Over the next three years, Siemens has pledged to invest the expected $1.5 million to fund research, innovation and training through MIT’s manufacturing initiative, with a focus on AI-driven technologies and workforce development.
The collaboration comes as manufacturers look to invest in the U.S. as volatile tariffs pressure operations and hike prices. In March, Siemens completed its $10 billion acquisition of Michigan-based software company Altair and recently opened manufacturing facilities in Fort Worth, Texas, and Pomona, California.
Energy company GE Vernova, which has committed $50 million over the next five years to MIT research and innovation, is also investing nearly $600 million to expand and update its factories and facilities across the nation to meet surging electrical demand.
Scott Strazik, CEO of GE Vernova, posted on LinkedIn last month about MIT’s partnership, highlighting its focus around driving innovation, enhancing production and scaling new manufacturing through research and breakthroughs in technology.
“We’re entering a new era where energy, manufacturing, and economic prosperity are deeply intertwined,” he wrote on LinkedIn. “Program’s like MIT’s #INM are essential to ensuring we don’t just keep up, but we lead. Proud to see this kind of vision and collaboration taking shape. The future of energy will be built, quite literally, by what we make next.”

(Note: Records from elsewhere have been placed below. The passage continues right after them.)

lemma prob_index_answer_correct:
  fixes F :: "nat \<Rightarrow> real"
  assumes F: "\<And>z. F z \<ge> 0" "F 0 = 0" and eps: "0 \<le> eps" "eps \<le> 1"
    and gap: "(1 + eps) * (F x + real N * F y) < (1 - eps) * F (x + y)"
    and A: "solves A F eps N (streams N M (N + 1))" and "i < N" "x + y \<le> M"
  shows "2/3 \<le> measure_pmf.prob (seed A)
    {r. ((1 + eps) * (F x + real N * F y) < out A r (run A r (block_stream B N y @ [(i, int x)]))) = (i \<in> B)}"
    (is "_ \<le> measure_pmf.prob _ ?E")
proof -
  let ?D = "block_stream B N y @ [(i, int x)]"
  let ?G = "{r. (1 - eps) * gsum F N ?D \<le> out A r (run A r ?D) \<and> out A r (run A r ?D) \<le> (1 + eps) * gsum F N ?D}"
  have "?G \<subseteq> ?E"
  proof (cases "i \<in> B")
    case True
    have "(1 - eps) * F (x + y) \<le> (1 - eps) * gsum F N ?D"
      using gsum_block_stream_append_ge[of F, OF F(1) \<open>i < N\<close> True] eps by (intro mult_left_mono) auto
    then show ?thesis using True gap by auto
  next
    case False
    have "(1 + eps) * gsum F N ?D \<le> (1 + eps) * (F x + real N * F y)"
      using gsum_block_stream_append_le[of F, OF F \<open>i < N\<close> False] eps by (intro mult_left_mono) auto
    then show ?thesis using False by auto
  qed
  moreover have "2/3 \<le> measure_pmf.prob (seed A) ?G"
    using A block_stream_append_in_streams[OF assms(7,8)] unfolding solves_def by blast
  ultimately show ?thesis
    using measure_pmf.finite_measure_mono[of ?G ?E "seed A"] by simp
qed

lemma space_le_nonneg:
  assumes "space_le A S s" "S \<noteq> {}"
  shows "0 \<le> s"
proof -
  obtain D r where "D \<in> S" "r \<in> set_pmf (seed A)"
    using assms(2) set_pmf_not_empty by fast
  then have "real (length (run A r (take 0 D))) \<le> s"
    using assms(1) unfolding space_le_def by blast
  then show ?thesis by linarith
qed

lemma sum_index_answers_correct_le:
  assumes "\<And>B. length (run A r (block_stream B N y)) \<le> L"
  shows "(\<Sum>B\<in>Pow {..<N}. \<Sum>i<N.
      indicator {r. (\<tau> < out A r (run A r (block_stream B N y @ [(i, int x)]))) = (i \<in> B)} r)
    \<le> real T * 2 ^ N + real N * 2 ^ (L + 1) * 3 ^ N / 2 ^ T"
proof -
  define dec where "dec st = {i. \<tau> < out A r (step A r st (i, int x))}" for st
  have "(\<Sum>i<N. indicator {r. (\<tau> < out A r (run A r (block_stream B N y @ [(i, int x)]))) = (i \<in> B)} r)
      = real (agreements {..<N} (dec (run A r (block_stream B N y))) B)" for B
  proof -
    have "(\<Sum>i<N. indicator {r. (\<tau> < out A r (run A r (block_stream B N y @ [(i, int x)]))) = (i \<in> B)} r)
        = (\<Sum>i<N. if (i \<in> dec (run A r (block_stream B N y))) = (i \<in> B) then 1 else (0::real))"
      by (intro sum.cong refl) (simp add: dec_def run_def indicator_def)
    then show ?thesis
      by (simp add: sum.If_cases agreements_def Int_def)
  qed
  then show ?thesis
    using sum_agreements_bool_lists_le[where \<sigma> = "\<lambda>B. run A r (block_stream B N y)" and U = "{..<N}"
        and dec = dec and T = T, OF _ assms] by simp
qed

lemma index_space_bound_numeric:
  fixes s :: real
  assumes "1 \<le> k" "0 \<le> s"
    and "(2/3) * (2 ^ (5 * k) * real (5 * k))
      \<le> real (3 * k) * 2 ^ (5 * k) + real (5 * k) * 2 ^ (nat \<lfloor>s\<rfloor> + 1) * 3 ^ (5 * k) / 2 ^ (3 * k)"
  shows "real k * ln (256 / 243) \<le> ln 30 + s * ln 2"
proof -
  have "(2/3) * (32 ^ k * (5 * real k)) \<le> 3 * real k * 32 ^ k + 5 * real k * 2 ^ (nat \<lfloor>s\<rfloor> + 1) * 243 ^ k / 8 ^ k"
    using assms(3) by (simp add: power_mult)
  then have "(32 * 8::real) ^ k \<le> 30 * 2 ^ nat \<lfloor>s\<rfloor> * 243 ^ k"
    using assms(1) unfolding power_mult_distrib by (simp add: field_simps)
  also have "\<dots> \<le> 30 * 2 powr s * 243 ^ k"
    using assms(2) by (simp add: powr_realpow[symmetric])
  finally have "ln ((256::real) ^ k) \<le> ln (30 * 2 powr s * 243 ^ k)"
    by (intro ln_mono) auto
  then show ?thesis
    by (simp add: ln_mult ln_realpow ln_powr ln_div algebra_simps)
qed

lemma one_pass_space_lower_bound:
  fixes F :: "nat \<Rightarrow> real" and A :: alg1
  assumes F: "\<And>z. F z \<ge> 0" "F 0 = 0" and N: "N = 5 * k" "k \<ge> 1"
    and M: "x + y \<le> M" and eps: "0 < eps" "eps \<le> 1"
    and gap: "(1 + eps) * (F x + real N * F y) < (1 - eps) * F (x + y)"
    and A: "solves A F eps N (streams N M (N + 1))" "space_le A (streams N M (N + 1)) s"
  shows "real k * ln (256 / 243) \<le> ln 30 + s * ln 2"
proof -
  define \<tau> where "\<tau> = (1 + eps) * (F x + real N * F y)"
  define E where "E j = {r. (\<tau> < out A r (run A r (block_stream (fst j) N y @ [(snd j, int x)]))) = (snd j \<in> fst j)}"
    for j :: "nat set \<times> nat"
  have D: "block_stream B N y @ [(i, int x)] \<in> streams N M (N + 1)" if "i < N" for B i
    using that M by (rule block_stream_append_in_streams)
  have "0 < N" using N by simp
  then have s: "0 \<le> s"
    using space_le_nonneg[OF A(2)] D by blast
  have "(\<Sum>j\<in>Pow {..<N} \<times> {..<N}. 2/3) \<le> (\<Sum>j\<in>Pow {..<N} \<times> {..<N}. measure_pmf.prob (seed A) (E j))"
    using prob_index_answer_correct[of F, OF F less_imp_le[OF eps(1)] eps(2) gap A(1) _ M]
    by (intro sum_mono) (auto simp: E_def \<tau>_def)
  also have "\<dots> \<le> real (3 * k) * 2 ^ N + real N * 2 ^ (nat \<lfloor>s\<rfloor> + 1) * 3 ^ N / 2 ^ (3 * k)"
  proof (rule sum_prob_le_of_pointwise)
    fix r assume r: "r \<in> set_pmf (seed A)"
    have "length (run A r (block_stream B N y)) \<le> nat \<lfloor>s\<rfloor>" for B
    proof -
      have "length (block_stream B N y) \<le> length (block_stream B N y @ [(0, int x)])"
        by simp
      then have "real (length (run A r (take (length (block_stream B N y)) (block_stream B N y @ [(0, int x)])))) \<le> s"
        using A(2) D[OF \<open>0 < N\<close>] r unfolding space_le_def by blast
      then show ?thesis by (simp add: le_nat_floor)
    qed
    from sum_index_answers_correct_le[where \<tau> = \<tau> and x = x and T = "3 * k", OF this]
    show "(\<Sum>j\<in>Pow {..<N} \<times> {..<N}. indicator (E j) r)
        \<le> real (3 * k) * 2 ^ N + real N * 2 ^ (nat \<lfloor>s\<rfloor> + 1) * 3 ^ N / 2 ^ (3 * k)"
      by (simp add: E_def sum.cartesian_product split_beta)
  qed simp
  finally show ?thesis
    using index_space_bound_numeric[OF N(2) s] by (simp add: N card_cartesian_product card_Pow)
qed

section \<open>Growth estimates\<close>

lemma one_plus_powr_ge:
  fixes t e :: real
  assumes "0 < t" "t \<le> 1" "0 < e"
  shows "1 + e * t / 2 \<le> (1 + t) powr e"
proof -
  have "ln (1 / (1 + t)) \<le> 1 / (1 + t) - 1"
    using assms by (intro ln_le_minus_one) auto
  then have "t / (1 + t) \<le> ln (1 + t)"
    using assms by (simp add: ln_div field_simps)
  moreover have "t / 2 \<le> t / (1 + t)"
    using assms by (intro divide_left_mono) auto
  ultimately have "e * (t / 2) \<le> e * ln (1 + t)"
    using assms by (intro mult_left_mono) linarith+
  also have "1 + e * ln (1 + t) \<le> exp (e * ln (1 + t))"
    by (rule exp_ge_add_one_self)
  finally show ?thesis
    using assms by (simp add: powr_def)
qed

lemma log_powr_gain:
  fixes x y :: nat and eta c :: real
  assumes "1 \<le> x" "x < y" "0 < eta" "0 \<le> c" "c \<le> eta / 20"
  shows "log 2 (1 + real x) powr eta * (1 + 10 * (c / log 2 (1 + real y)))
    \<le> log 2 (1 + real (x + y)) powr eta"
proof -
  define Lx where "Lx = log 2 (1 + real x)"
  have Lx: "1 \<le> Lx" "Lx \<le> log 2 (1 + real y)"
    using assms by (auto simp: Lx_def)
  have "10 * c / log 2 (1 + real y) \<le> (eta / 2) / log 2 (1 + real y)"
    using assms Lx by (intro divide_right_mono) auto
  also have "\<dots> \<le> (eta / 2) / Lx"
    using assms Lx by (intro divide_left_mono) auto
  finally have "1 + 10 * (c / log 2 (1 + real y)) \<le> 1 + eta * (1 / Lx) / 2"
    by simp
  also have "\<dots> \<le> (1 + 1 / Lx) powr eta"
    using Lx assms by (intro one_plus_powr_ge) auto
  finally have "Lx powr eta * (1 + 10 * (c / log 2 (1 + real y))) \<le> Lx powr eta * (1 + 1 / Lx) powr eta"
    by (intro mult_left_mono) auto
  also have "\<dots> = (Lx + 1) powr eta"
    using Lx by (simp add: powr_mult[symmetric] distrib_left)
  also have "Lx + 1 = log 2 (2 * (1 + real x))"
    by (simp add: Lx_def log_mult del: distrib_left_numeral)
  also have "log 2 (2 * (1 + real x)) powr eta \<le> log 2 (1 + real (x + y)) powr eta"
    using assms by (intro powr_mono2) auto
  finally show ?thesis by (simp add: Lx_def)
qed

lemma one_plus_cube_less:
  fixes d :: real
  assumes "0 < d" "d \<le> 1 / 20"
  shows "(1 + d) * (1 + d) * (1 + d) < (1 - d) * (1 + 10 * d)"
proof -
  have "d * d * d \<le> d * d * (1 / 20)" "d * d \<le> d * (1 / 20)"
    using assms by (intro mult_left_mono; simp)+
  moreover have "(1 + d) * (1 + d) * (1 + d) = 1 + 3 * d + 3 * (d * d) + d * d * d"
    and "(1 - d) * (1 + 10 * d) = 1 + 9 * d - 10 * (d * d)"
    by algebra+
  ultimately show ?thesis
    using assms by linarith
qed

Another key part of MIT’s manufacturing effort is to address the skills gap across the industry, but the definition of what that means can vary from sector to sector. Semiconductor makers may seek workers who can operate advanced machine learning equipment. Meanwhile, a number of companies are struggling to find workers who can operate older, sometimes outdated, machinery.
“The skill he wants is someone who can work on his 1940s machines,” Berger said about one of the metal worker owners she spoke with. “But I don’t think most of us in this country think that we ought to be educating people to work on 1940s machines.”
Correction: A prior version of this article misstated certain financial pledges to MIT’s New Manufacturing Initiative. Consortium member companies, including Siemens, have each agreed to commit $1.5 million over three years.